Se hizo el silencio. Y madame Viotti, observando la mirada de duda de Ariane, explicó:
—El problema, Ariane, es que su majestad no se sentiría bien al permitir que dos iniciadas en caminos místicos se adentren en un lugar tan íntimo, en el que podrían hacerles… sortilegios.
Ariane suspiró, comprensiva.
—Pero, reina, ¿usted misma no leía libros de magia blanca? ¿Y no sabe que eso existe?
—Sólo que, así como tú antiguamente, y así como la familia Hanson, nuestra reina debe tener muy poco contacto con la magia buena, Ariane, como para confiar a plenitud en dos extrañas —respondió madame Viotti como si la reina no estuviera presente.
—Madame comprende mi conflicto —dijo la reina, en tono de respeto—. Sin embargo, además de eso hay otra cuestión. Como dije, estoy tratando este caso como el de una niña que no sabe lo que dice, pues veo que lo hace con buenas intenciones. Pero si permito que Ariane entre al cuarto real, ella será responsable como una adulta por sus actitudes. Y en caso de no encontrar lo que busca, será apresada por el crimen de tentativa de conspiración, como cualquier otra persona lo sería.
De nuevo se hizo el silencio. Pero no por mucho tiempo.
—Acepto.
La reina y la sacerdotisa miraron a la adolescente decidida y percibieron cómo parecía ignorar las consecuencias de lo que pretendía.

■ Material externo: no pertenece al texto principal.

(* Fix $\rho>0$. There exists a constant $C=C(\rho)$ such that for every positive integer $K$ and every interval $I\subset\mathbb{Z}$ of $K$ consecutive sites, with $\mathcal{M}_I=\sigma\big(\sum_{x\in I}\eta(x)\big)$, $$E_{\nu_\rho}\Big[\Big(E_{\nu_\rho}\Big(\sum_{x\in I}V_g(\eta(x))\,\Big|\,\mathcal{M}_I\Big)\Big)^2\Big]\le C.$$
   Context: $g(k)=1_{\{k\ge1\}}$ for $k\in\mathbb{N}=\{0,1,2,\dots\}$. $\nu_\rho$ is the product measure on $\mathbb{N}^{\mathbb{Z}}$ with geometric marginals $\nu_\rho(\eta(x)=k)=\frac{1}{1+\rho}\big(\frac{\rho}{1+\rho}\big)^k$, $k\ge0$ (mean $\rho$). $\phi(\rho)=E_{\nu_\rho}[g(\eta(0))]=\frac{\rho}{1+\rho}$ and $V_g(\eta(x))=g(\eta(x))-\phi(\rho)-\phi'(\rho)[\eta(x)-\rho]$. *)

theory Defs
  imports "HOL-Probability.Probability"
begin

text \<open>Single-site marginal: geometric with mean rho,
  nu(eta(x)=k) = 1/(1+rho) * (rho/(1+rho))^k.\<close>
definition marg :: "real \<Rightarrow> nat pmf" where
  "marg \<rho> = geometric_pmf (1 / (1 + \<rho>))"

definition nu :: "real \<Rightarrow> (int \<Rightarrow> nat) measure" where
  "nu \<rho> = PiM UNIV (\<lambda>_::int. measure_pmf (marg \<rho>))"

definition g :: "nat \<Rightarrow> real" where
  "g k = (if k \<ge> 1 then 1 else 0)"

definition phi :: "real \<Rightarrow> real" where
  "phi \<rho> = \<rho> / (1 + \<rho>)"

definition Vg :: "real \<Rightarrow> nat \<Rightarrow> real" where
  "Vg \<rho> k = g k - phi \<rho> - deriv phi \<rho> * (real k - \<rho>)"

definition MI :: "real \<Rightarrow> int set \<Rightarrow> (int \<Rightarrow> nat) measure" where
  "MI \<rho> I = vimage_algebra (space (nu \<rho>)) (\<lambda>\<eta>. \<Sum>x\<in>I. \<eta> x) (count_space UNIV)"

end

theory Submission
  imports Defs
begin

(*
  Under the product measure nu rho with geometric marginals, the block sum
  N = sum_{x in I} eta(x) over K sites is negative binomial NB(K, 1/(1+rho)).
  Since geometric variables are memoryless, P(eta(x) >= 1, N = n) = rho/(1+rho) P(N = n-1),
  so the conditional probability that a given site of the block is occupied given N = n is
  n/(n+K-1).  Hence E(sum V_g | M_I) = block_cond_V rho K N with the explicit function
    block_cond_V rho K n = K n/(n+K-1) - K phi(rho) - phi'(rho) (n - K rho).
  An exact algebraic identity writes (1+rho)^2 (n+K-1) block_cond_V as
  K rho (1+rho) - d^2 + d with d = n - K rho, which bounds block_cond_V^2 by a constant plus
  (d^2 + d^4)/K^2.  The second and fourth central moments of NB(K) are O(K) and O(K^2); they are
  computed from the factorial moments E[N(N-1)...(N-j+1)] = K(K+1)...(K+j-1) rho^j.
*)

abbreviation NB :: "real \<Rightarrow> nat \<Rightarrow> nat measure" where
  "NB \<rho> K \<equiv> measure_pmf (neg_binomial_pmf K (1 / (1 + \<rho>)))"

lemma prob_space_nu: "prob_space (nu \<rho>)"
  unfolding nu_def by (intro prob_space_PiM measure_pmf.prob_space_axioms)

lemma distr_nu_restrict:
  assumes "finite J"
  shows "distr (nu \<rho>) (PiM J (\<lambda>_. measure_pmf (marg \<rho>))) (\<lambda>\<eta>. restrict \<eta> J)
       = PiM J (\<lambda>_. measure_pmf (marg \<rho>))"
proof -
  interpret product_prob_space "\<lambda>_::int. measure_pmf (marg \<rho>)" "UNIV :: int set"
    by (intro product_prob_spaceI measure_pmf.prob_space_axioms)
  show ?thesis unfolding nu_def using assms by (intro distr_PiM_restrict_finite) auto
qed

—Acepto ser responsable de mis actos y ser castigada en caso de estar equivocada.
La reina ponderó aquella afirmación decidida y sincera. Y no se demoró en dar su veredicto:
—¡Sea! Los soldados acompañarán a Ariane Narin en pos de lo que dice buscar y realizarán la detención como responsable del acto en caso de que no proceda.
Y en estas condiciones, con estas palabras, Ariane fue conducida al cuarto real por dos soldados que la acompañarían en una búsqueda que representaría para ella un camino entre las peores mazmorras de Aramis o los campos más bellos de Mantaquim.
Ariane entró nerviosa en el recinto, rogando porque su visión fuera tan correcta como su convicción en la misma. La búsqueda, al menos, comenzaba bien: el aposento era idéntico al que le había sido mostrado por la pelirroja de cabellos desgreñados. Entonces Ariane fue hasta el punto del cuarto, detrás de un cuadro, próximo a una consola con un espejo y una llave con punta de estrella colgada en la pared, donde le había sido mostrado que Anisio Branford guardaba el frasco que acabaría con su reputación. Y al mover el cuadro de lugar, bajo la mirada constante y atenta de los dos soldados, Ariane descubrió de inmediato en qué tipo de camino andaba. Y a dónde la llevaría esa senda sombría.